Türk Cümhuriyetleri Latin Alfabesinin Neresinde?
Sovyetler Birliği’nin dağılmasından önce Türkiye’nin Türk cumhuriyetleriyle ilişkileri sağlıklı değildi. Rusya’nın yayılmacı politi ka sına karşı Türkiye dikkatli olmaya çalışıyor, Rusya da egemenliği altındaki Türk yurtlarıyla Türkiye’nin ilgilenmesinden ve el altından yürüttüğü faaliyetlerden rahatsızlık duyuyordu.
1991′de Sovyetlerin dağılmasıyla birlikte Türk cumhuriyetleri de bağımsızlığına kavuştu. Bunun sonucunda beş bağımsız Türk cumhuriyeti daha ortaya çıkmış oldu: Azerbaycan, Kazakistan, Kırgızistan, Özbekistan ve Türkmenistan. Dünyanın değişik bölgelerinde heyecan ve ilgiyle izlenen bu gelişmeler, Türkiye’yi yakından ilgilendiriyordu. “Hazırlıksız yakalandık” sözlerini o günlerde sıkça duyduk. Ne yapacağımız, ilişkilerimizi hangi çizgide yürüteceğimiz tam olarak belli değildi. Milliyetçi çevrelerde daha baskın olmakla birlikte Türkiye’de büyük çoğunluk yıllarca esir Türklerin bu esaretten kurtulmasını dillendiriyordu. Ancak esir Türkler bağımsız olunca neleri nasıl yapacaktık, bunlar üzerinde fazla durulmuyordu. Çünkü Türk yurtlarının büyük bir kısmının bu kadar kısa sürede bağımsız olmasına ihtimal verilmiyordu. Bağımsızlık; yeni ordu, yeni bayrak, yeni para birimi gibi birçok “yeni”yi beraberinde getiriyordu. Bu hareketlilik içerisinde Türk dünyasının kültür birliği gündeme gelmeye başladı. Kültür birliğinin sağlanmasında, alfabe birliği önemli olduğu için Kiril’den Lâtin’e geçişle ilgili tartışmalar da gündemdeki yerini aldı.

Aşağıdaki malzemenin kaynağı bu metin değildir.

lemma euler_lagrange_rotating_string:
  "deriv (\<lambda>t. dL_dTd \<rho> (Tdot t \<sigma>) (Tprime t \<sigma>) (Ydot \<omega> t \<sigma>) (Yprime \<omega> t \<sigma>)) \<tau>
     + deriv (\<lambda>s. dL_dTp \<rho> (Tdot \<tau> s) (Tprime \<tau> s) (Ydot \<omega> \<tau> s) (Yprime \<omega> \<tau> s)) \<sigma> = 0"
  "deriv (\<lambda>t. dL_dYd \<rho> i (Tdot t \<sigma>) (Tprime t \<sigma>) (Ydot \<omega> t \<sigma>) (Yprime \<omega> t \<sigma>)) \<tau>
     + deriv (\<lambda>s. dL_dYp \<rho> i (Tdot \<tau> s) (Tprime \<tau> s) (Ydot \<omega> \<tau> s) (Yprime \<omega> \<tau> s)) \<sigma> = 0"
proof -
  show "deriv (\<lambda>t. dL_dTd \<rho> (Tdot t \<sigma>) (Tprime t \<sigma>) (Ydot \<omega> t \<sigma>) (Yprime \<omega> t \<sigma>)) \<tau>
     + deriv (\<lambda>s. dL_dTp \<rho> (Tdot \<tau> s) (Tprime \<tau> s) (Ydot \<omega> \<tau> s) (Yprime \<omega> \<tau> s)) \<sigma> = 0"
    by (simp add: momenta_rotating_string)
  have "deriv (\<lambda>t. \<rho> * (- \<sigma> * \<omega> * sin (\<omega> * t))) \<tau> = - \<rho> * \<omega>\<^sup>2 * (\<sigma> * cos (\<omega> * \<tau>))"
    "deriv (\<lambda>t. \<rho> * (\<sigma> * \<omega> * cos (\<omega> * t))) \<tau> = - \<rho> * \<omega>\<^sup>2 * (\<sigma> * sin (\<omega> * \<tau>))"
    "deriv (\<lambda>s. \<rho> * cos (\<omega> * \<tau>) * ((s * \<omega>)\<^sup>2 / 2 - 1)) \<sigma> = \<rho> * \<omega>\<^sup>2 * (\<sigma> * cos (\<omega> * \<tau>))"
    "deriv (\<lambda>s. \<rho> * sin (\<omega> * \<tau>) * ((s * \<omega>)\<^sup>2 / 2 - 1)) \<sigma> = \<rho> * \<omega>\<^sup>2 * (\<sigma> * sin (\<omega> * \<tau>))"
    by (auto intro!: DERIV_imp_deriv derivative_eq_intros simp: power2_eq_square)
  then show "deriv (\<lambda>t. dL_dYd \<rho> i (Tdot t \<sigma>) (Tprime t \<sigma>) (Ydot \<omega> t \<sigma>) (Yprime \<omega> t \<sigma>)) \<tau>
     + deriv (\<lambda>s. dL_dYp \<rho> i (Tdot \<tau> s) (Tprime \<tau> s) (Ydot \<omega> \<tau> s) (Yprime \<omega> \<tau> s)) \<sigma> = 0"
    unfolding momenta_rotating_string using exhaust_2[of i] by (auto simp: Ydot_eq Yprime_eq)
qed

Özal’dan sonra kesintili olarak yürütülen ilişkiler, Cumhurbaşkanı Abdullah Gül’ün Azerbaycan ve Türkmenistan ziyaretleriyle yeni bir ivme kazanmıştır. Cumhurbaşkanı’nın Kazakistan’a yaptığı seyahatte alfabe konusunun tekrar gündeme gelmiş olması ve ileriye yönelik olumlu gelişmelerin yaşanacak olması sevindiricidir. Bu yeni dönemde Cumhurbaşkanı ve Başbakan’ın Orta Asya ve Kafkaslar ile gerçek anlamda ilgilenmeleri beklenmektedir. İran, Çin, Rusya ve Amerika’nın bölgedeki girişimlerini Türkiye görmezden gelmemelidir. Şu ana kadarki inişli çıkışlı ilişkilere rağmen Türkiye bu bölgelerle iletişim kurmada hâlâ daha avantajlı durumdadır. Şuuraltını harekete geçirecek imkânlara sahip bir ülkeyiz. Yeter ki doğru politikaları belirleyebilelim. Öte yandan şu ana kadar bu bölgelerde okullar açılmış, ticarî ve ekonomik ilişkiler yavaş da olsa derinleşmeye başlamıştır. Yapılacak olan en önemli iş; daha önce buralarda eğitim hizmetinde, ticarî ve ekonomik hizmetlerde bulunmuş olanlarla iletişim kurarak doğru atılan temellerin üstüne bina kurmaya devam etmektir. Orta Asya bizim her zaman gönlümüzde etkili bir yere sahiptir. Atalarımız, bir zamanlar oradan gelerek Anadolu’yu maddî ve manevî anlamda yurt hâline getirmişlerdi. Yeni ilişkilerde zorluklar her zaman karşımıza çıkacaktır. Ancak birbirimizi iyi anlayıp sevgi, dayanışma, kaynaşma, yardımlaşma gibi değerleri iyi temsil edersek; Türkiye, her yönüyle anayurdumuzdaki gönüllerde kalıcı bir şekilde yer edecek ve Orta Asya’nın geleceği daha aydınlık olacaktır.